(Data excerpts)
lemma nn_integral_radial:
  fixes \<psi> :: "real \<Rightarrow> ennreal"
  assumes [measurable]: "\<psi> \<in> borel_measurable borel"
  shows "(\<integral>\<^sup>+h. \<psi> (norm h) \<partial>(lborel :: 'a::euclidean_space measure))
       = ennreal (real DIM('a) * omega_n TYPE('a))
         * (\<integral>\<^sup>+r\<in>{0<..}. ennreal (r ^ DIM('a)) * \<psi> r * ennreal (1 / r) \<partial>lborel)"
proof -
  define n where "n = DIM('a)"
  define G where "G r = ennreal (r ^ n) * \<psi> r" for r
  define H where "H h = G (norm h)" for h :: 'a
  have [measurable]: "G \<in> borel_measurable borel" "H \<in> borel_measurable borel"
    unfolding G_def H_def by measurable
  define J where "J = (\<integral>\<^sup>+r\<in>{0<..}. G r * ennreal (1 / r) \<partial>lborel)"
  have ray: "ray_integral H \<xi> = J" if "\<xi> \<noteq> 0" for \<xi>
  proof -
    have "ray_integral H \<xi> = (\<integral>\<^sup>+t\<in>{0<..}. G (norm \<xi> * t) * ennreal (1 / t) \<partial>lborel)"
      unfolding ray_integral_def H_def
      by (rule nn_integral_cong) (simp add: indicator_def mult.commute)
    also have "\<dots> = J"
      unfolding J_def by (rule nn_integral_dilation) (use that in simp_all)
    finally show ?thesis .
  qed
  have "(\<integral>\<^sup>+h. \<psi> (norm h) \<partial>(lborel :: 'a measure)) = (\<integral>\<^sup>+h. epow (ennreal (norm h)) (- real n) * H h \<partial>lborel)"
  proof (rule nn_integral_cong_AE)
    show "AE h in lborel. \<psi> (norm h) = epow (ennreal (norm h)) (- real n) * H (h :: 'a)"
      using AE_lborel_singleton[of 0]
      by eventually_elim (simp add: H_def G_def epow_ennreal mult.assoc[symmetric]
          ennreal_mult[symmetric] powr_minus powr_realpow)
  qed
  also have "\<dots> = ennreal (real n) * (\<integral>\<^sup>+\<xi>\<in>ball 0 1. ray_integral H \<xi> \<partial>lborel)"
    unfolding n_def by (rule nn_integral_polar) measurable
  also have "(\<integral>\<^sup>+\<xi>\<in>ball 0 1. ray_integral H \<xi> \<partial>lborel) = (\<integral>\<^sup>+\<xi>\<in>ball (0::'a) 1. J \<partial>lborel)"
    by (rule nn_integral_cong_AE) (use AE_lborel_singleton[of 0] in \<open>eventually_elim, simp add: ray\<close>)
  also have "\<dots> = J * ennreal (omega_n TYPE('a))"
    using emeasure_ball_omega_n[of 1, where 'a='a] by (simp add: nn_integral_cmult_indicator mult.commute)
  finally show ?thesis
    using omega_n_pos[where 'a='a] by (simp add: J_def G_def n_def ennreal_mult mult_ac)
qed

section \<open>Volume of the star body\<close>

text \<open>With \<open>E h = \<parallel>\<Delta>\<^sub>h f\<parallel>\<^sub>p\<^sup>q\<close> and \<open>\<sigma> = s q\<close>, \<open>gauge_integral E \<sigma> \<xi>\<close> is the \<open>\<sigma>\<close>-th power of the gauge
  of \<open>\<Pi>\<^sup>*\<^sup>,\<^sup>s\<^sub>p\<^sub>,\<^sub>q f\<close>.\<close>

definition gauge_integral :: "('a::real_vector \<Rightarrow> ennreal) \<Rightarrow> real \<Rightarrow> 'a \<Rightarrow> ennreal" where
  "gauge_integral E \<sigma> \<xi> = (\<integral>\<^sup>+t\<in>{0<..}. epow (ennreal t) (- \<sigma>) * E (t *\<^sub>R \<xi>) * ennreal (1 / t) \<partial>lborel)"

lemma borel_measurable_gauge_integral [measurable]:
  fixes E :: "'a::euclidean_space \<Rightarrow> ennreal"
  assumes [measurable]: "E \<in> borel_measurable borel"
  shows "gauge_integral E \<sigma> \<in> borel_measurable borel"
  unfolding gauge_integral_def by measurable

lemma nn_integral_dilation_powr:
  fixes G :: "real \<Rightarrow> ennreal"
  assumes [measurable]: "G \<in> borel_measurable borel" and l: "0 < l"
  shows "(\<integral>\<^sup>+t\<in>{0<..}. epow (ennreal t) (- \<sigma>) * G (l * t) * ennreal (1 / t) \<partial>lborel)
       = ennreal (l powr \<sigma>) * (\<integral>\<^sup>+t\<in>{0<..}. epow (ennreal t) (- \<sigma>) * G t * ennreal (1 / t) \<partial>lborel)"
proof -
  define F where "F u = epow (ennreal (u / l)) (- \<sigma>) * G u" for u
  have [measurable]: "F \<in> borel_measurable borel" unfolding F_def by measurable
  have "(\<integral>\<^sup>+t\<in>{0<..}. epow (ennreal t) (- \<sigma>) * G (l * t) * ennreal (1 / t) \<partial>lborel)
      = (\<integral>\<^sup>+t\<in>{0<..}. F (l * t) * ennreal (1 / t) \<partial>lborel)"
    using l by (intro nn_integral_cong) (simp add: F_def indicator_def)
  also have "\<dots> = (\<integral>\<^sup>+t\<in>{0<..}. F t * ennreal (1 / t) \<partial>lborel)"
    by (rule nn_integral_dilation) (use l in simp_all)
  also have "\<dots> = (\<integral>\<^sup>+t\<in>{0<..}. ennreal (l powr \<sigma>) * (epow (ennreal t) (- \<sigma>) * G t * ennreal (1 / t)) \<partial>lborel)"
  proof (intro nn_integral_cong)
    fix t :: real
    have "epow (ennreal (t / l)) (- \<sigma>) = ennreal (l powr \<sigma>) * epow (ennreal t) (- \<sigma>)" if "0 < t"
      using that l by (simp add: epow_ennreal powr_divide powr_minus field_simps ennreal_mult[symmetric])
    then show "F t * ennreal (1 / t) * indicator {0<..} t
        = ennreal (l powr \<sigma>) * (epow (ennreal t) (- \<sigma>) * G t * ennreal (1 / t)) * indicator {0<..} t"
      by (cases "0 < t") (simp_all add: F_def mult_ac)
  qed
  finally show ?thesis
    by (simp add: nn_integral_cmult mult.assoc)
qed
lemma V_has_zero:
  assumes "V 1 s0 = 0" "1 \<le> h" "h \<le> Suc H"
  shows "\<exists>z. V h z = 0"
  using assms(2,3)
proof (induction h rule: dec_induct)
  case base
  show ?case using assms(1) by blast
next
  case (step h)
  then show ?case using V_has_zero_Suc by auto
qed

lemma V_le_inverse_radius_step:
  assumes \<rho>: "0 < \<rho>" "\<rho> \<le> 1" and h: "h \<in> {1..H}"
    and z: "V (Suc h) z = 0" and IH: "\<And>s'. V (Suc h) s' \<le> 1 / \<rho>"
  shows "V h s \<le> 1 / \<rho>"
proof -
  define p where "p = P h s (pol h s)"
  define q where "q s' = (1 - \<rho>) * p s' + (if s' = z then \<rho> else 0)" for s'
  have p: "p \<in> simplex"
    using P_simplex h by (simp add: p_def)
  have "q \<in> tv_ball \<rho> (P h s (pol h s))"
    unfolding q_def p_def[symmetric] using p \<rho> by (intro mix_point_mass_in_tv_ball) auto
  then have "(\<Sum>s'\<in>UNIV. T h s (pol h s) s' * V (Suc h) s') \<le> (\<Sum>s'\<in>UNIV. q s' * V (Suc h) s')"
    by (rule T_expectation_le[OF h])
  also have "\<dots> = (1 - \<rho>) * (\<Sum>s'\<in>UNIV. p s' * V (Suc h) s')"
  proof -
    have "q s' * V (Suc h) s' = (1 - \<rho>) * (p s' * V (Suc h) s')" for s'
      using z by (cases "s' = z") (simp_all add: q_def algebra_simps)
    then show ?thesis
      by (simp only: sum_distrib_left)
  qed
  also have "\<dots> \<le> (1 - \<rho>) * (1 / \<rho>)"
    using \<rho> by (intro mult_left_mono simplex_expectation_le[OF p IH]) auto
  moreover have "R h s (pol h s) \<le> 1"
    using R_unit h by auto
  ultimately have "V h s \<le> 1 + (1 - \<rho>) * (1 / \<rho>)"
    using V_Bellman[OF h, of s] by linarith
  also have "\<dots> = 1 / \<rho>"
    using \<rho> by (simp add: field_simps)
  finally show ?thesis .
qed

lemma V_le_inverse_radius:
  assumes \<rho>: "0 < \<rho>" "\<rho> \<le> 1" and s0: "V 1 s0 = 0" and h: "1 \<le> h" "h \<le> Suc H"
  shows "V h s \<le> 1 / \<rho>"
proof -
  have "\<forall>s. V h s \<le> 1 / \<rho>"
    using h(2)
  proof (induction rule: inc_induct)
    case base
    show ?case using \<rho> by (simp add: V_beyond)
  next
    case (step n)
    obtain z where "V (Suc n) z = 0"
      using V_has_zero[OF s0, of "Suc n"] step by auto
    with step h(1) show ?case
      by (auto intro: V_le_inverse_radius_step[OF \<rho>])
  qed
  then show ?thesis ..
qed

lemma V_le_min_H_inv:
  assumes "\<rho> \<le> 1" "V 1 s0 = 0" "h \<in> {1..H}"
  shows "V h s \<le> min_H_inv H \<rho>"
proof -
  have "V h s \<le> real (Suc H - h)"
    using assms(3) by (intro rob_val_le_horizon) simp
  also have "\<dots> \<le> real H"
    using assms(3) by simp
  finally have "V h s \<le> real H" .
  moreover have "V h s \<le> 1 / \<rho>" if "0 < \<rho>"
    using assms that by (intro V_le_inverse_radius) auto
  ultimately show ?thesis
    unfolding min_H_inv_def using radius_nonneg by auto
qed

lemma occupancy_variance_step:
  assumes h: "h \<in> {1..H}" and M: "\<And>s. V h s \<le> M"
  shows "(\<Sum>s\<in>UNIV. occ T pol s1 (h - 1) s * var_p (T h s (pol h s)) (V (Suc h)))
      \<le> (\<Sum>s\<in>UNIV. occ T pol s1 h s * (V (Suc h) s)\<^sup>2)
         - (\<Sum>s\<in>UNIV. occ T pol s1 (h - 1) s * (V h s)\<^sup>2) + 2 * M"
proof -
  obtain j where j: "h = Suc j"
    using h by (cases h) auto
  let ?\<mu> = "occ T pol s1 j" and ?T = "\<lambda>s. T h s (pol h s)"
  have \<mu>: "?\<mu> \<in> simplex"
    using h j by (intro occ_simplex[OF adm_kernels_simplex[OF T_adm]]) auto
  have "var_p (?T s) (V (Suc h)) \<le>
      (\<Sum>s'\<in>UNIV. ?T s s' * (V (Suc h) s')\<^sup>2) - (V h s)\<^sup>2 + 2 * M" for s
  proof -
    have mean: "(\<Sum>s'\<in>UNIV. ?T s s' * V (Suc h) s') = V h s - R h s (pol h s)"
      using V_Bellman[OF h, of s] by simp
    have "R h s (pol h s) \<le> 1" "0 \<le> V h s"
      using R_unit h by (auto simp: rob_val_nonneg)
    then have "var_p (?T s) (V (Suc h)) \<le>
        (\<Sum>s'\<in>UNIV. ?T s s' * (V (Suc h) s')\<^sup>2) - (V h s)\<^sup>2 + 2 * V h s"
      by (rule var_p_le_second_moment_diff[OF mean])
    then show ?thesis using M[of s] by linarith
  qed
  then have "(\<Sum>s\<in>UNIV. ?\<mu> s * var_p (?T s) (V (Suc h)))
      \<le> (\<Sum>s\<in>UNIV. ?\<mu> s * ((\<Sum>s'\<in>UNIV. ?T s s' * (V (Suc h) s')\<^sup>2) - (V h s)\<^sup>2 + 2 * M))"
    by (intro sum_mono mult_left_mono) (auto simp: simplex_nonneg[OF \<mu>])
  also have "\<dots> = (\<Sum>s\<in>UNIV. ?\<mu> s * (\<Sum>s'\<in>UNIV. ?T s s' * (V (Suc h) s')\<^sup>2))
      - (\<Sum>s\<in>UNIV. ?\<mu> s * (V h s)\<^sup>2) + 2 * M * sum ?\<mu> UNIV"
    by (simp add: algebra_simps sum.distrib sum_subtractf sum_distrib_left)
  also have "(\<Sum>s\<in>UNIV. ?\<mu> s * (\<Sum>s'\<in>UNIV. ?T s s' * (V (Suc h) s')\<^sup>2))
      = (\<Sum>s\<in>UNIV. occ T pol s1 h s * (V (Suc h) s)\<^sup>2)"
    unfolding j by (rule occ_Suc_expectation[symmetric])
  finally show ?thesis
    using simplex_sum[OF \<mu>] j by simp
qed

lemma total_variance_le:
  assumes M: "\<forall>h\<in>{1..H}. \<forall>s. V h s \<le> M"
  shows "(\<Sum>h=1..H. \<Sum>s\<in>UNIV. occ T pol s1 (h - 1) s * var_p (T h s (pol h s)) (V (Suc h)))
      \<le> 2 * real H * M"
proof -
  define a where "a h = (\<Sum>s\<in>UNIV. occ T pol s1 (h - 1) s * (V h s)\<^sup>2)" for h
  have "(\<Sum>h=1..H. \<Sum>s\<in>UNIV. occ T pol s1 (h - 1) s * var_p (T h s (pol h s)) (V (Suc h)))
      \<le> (\<Sum>h=1..H. a (Suc h) - a h + 2 * M)"
    unfolding a_def diff_Suc_1 by (rule sum_mono, rule occupancy_variance_step) (use M in auto)
  also have "\<dots> = a (Suc H) - a 1 + 2 * real H * M"
    by (simp add: sum.distrib sum_Suc_diff)
  also have "a (Suc H) = 0"
    by (simp add: a_def V_beyond)
  also have "0 \<le> a 1"
    by (simp add: a_def sum_nonneg)
  finally show ?thesis by simp
qed

end

theorem lemma8:
  fixes H :: nat and \<rho> :: real
    and P :: "nat \<Rightarrow> 's::finite \<Rightarrow> 'a::finite \<Rightarrow> 's \<Rightarrow> real"
    and R :: "nat \<Rightarrow> 's \<Rightarrow> 'a \<Rightarrow> real"
    and s1 :: 's
    and pol :: "nat \<Rightarrow> 's \<Rightarrow> 'a"
    and T :: "nat \<Rightarrow> 's \<Rightarrow> 'a \<Rightarrow> 's \<Rightarrow> real"
  assumes rho: "0 \<le> \<rho>" "\<rho> < 1"
    and P_dist: "\<forall>h\<in>{1..H}. \<forall>s a. P h s a \<in> simplex"
    and R_bnd: "\<forall>h\<in>{1..H}. \<forall>s a. 0 \<le> R h s a \<and> R h s a \<le> 1"
    and vanish: "(MIN s. opt_rob_val H \<rho> R P 1 s) = 0"
      "opt_rob_val H \<rho> R P 1 s1 \<noteq> (MIN s. opt_rob_val H \<rho> R P 1 s)"
    and T_argmin: "\<forall>h\<in>{1..H}. \<forall>s a. T h s a \<in> tv_ball \<rho> (P h s a) \<and>
         (\<forall>q\<in>tv_ball \<rho> (P h s a).
            (\<Sum>s'\<in>UNIV. T h s a s' * rob_val H \<rho> R P pol (Suc h) s')
              \<le> (\<Sum>s'\<in>UNIV. q s' * rob_val H \<rho> R P pol (Suc h) s'))"
  shows "(\<Sum>h=1..H. \<Sum>s\<in>UNIV. occ T pol s1 (h - 1) s *
            var_p (T h s (pol h s)) (rob_val H \<rho> R P pol (Suc h)))
         \<le> 2 * real H * min_H_inv H \<rho>"
proof -
  interpret tv_rmdp_worst_case H \<rho> P R pol T
    using rho(1) P_dist R_bnd T_argmin by unfold_locales
  obtain s0 where "opt_rob_val H \<rho> R P 1 s0 = 0"
    using vanish(1) Min_in[of "range (opt_rob_val H \<rho> R P 1)"] by auto
  then have "V 1 s0 = 0"
    using rob_val_le_opt_rob_val[of 1] rob_val_nonneg[of 1] by (metis order_antisym order_refl)
  then have "\<forall>h\<in>{1..H}. \<forall>s. V h s \<le> min_H_inv H \<rho>"
    using rho(2) by (auto intro: V_le_min_H_inv)
  then show ?thesis
    by (rule total_variance_le)
qed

# TASK GOAL
Within the data above, the lines from the one with "using h by (cases h) auto" to the one with "s)\<^sup>2 + 2 * V" must be repeated exactly; no other line belongs in the answer.

# SOLUTION FOR THIS TASK
    using h by (cases h) auto
  let ?\<mu> = "occ T pol s1 j" and ?T = "\<lambda>s. T h s (pol h s)"
  have \<mu>: "?\<mu> \<in> simplex"
    using h j by (intro occ_simplex[OF adm_kernels_simplex[OF T_adm]]) auto
  have "var_p (?T s) (V (Suc h)) \<le>
      (\<Sum>s'\<in>UNIV. ?T s s' * (V (Suc h) s')\<^sup>2) - (V h s)\<^sup>2 + 2 * M" for s
  proof -
    have mean: "(\<Sum>s'\<in>UNIV. ?T s s' * V (Suc h) s') = V h s - R h s (pol h s)"
      using V_Bellman[OF h, of s] by simp
    have "R h s (pol h s) \<le> 1" "0 \<le> V h s"
      using R_unit h by (auto simp: rob_val_nonneg)
    then have "var_p (?T s) (V (Suc h)) \<le>
        (\<Sum>s'\<in>UNIV. ?T s s' * (V (Suc h) s')\<^sup>2) - (V h s)\<^sup>2 + 2 * V h s"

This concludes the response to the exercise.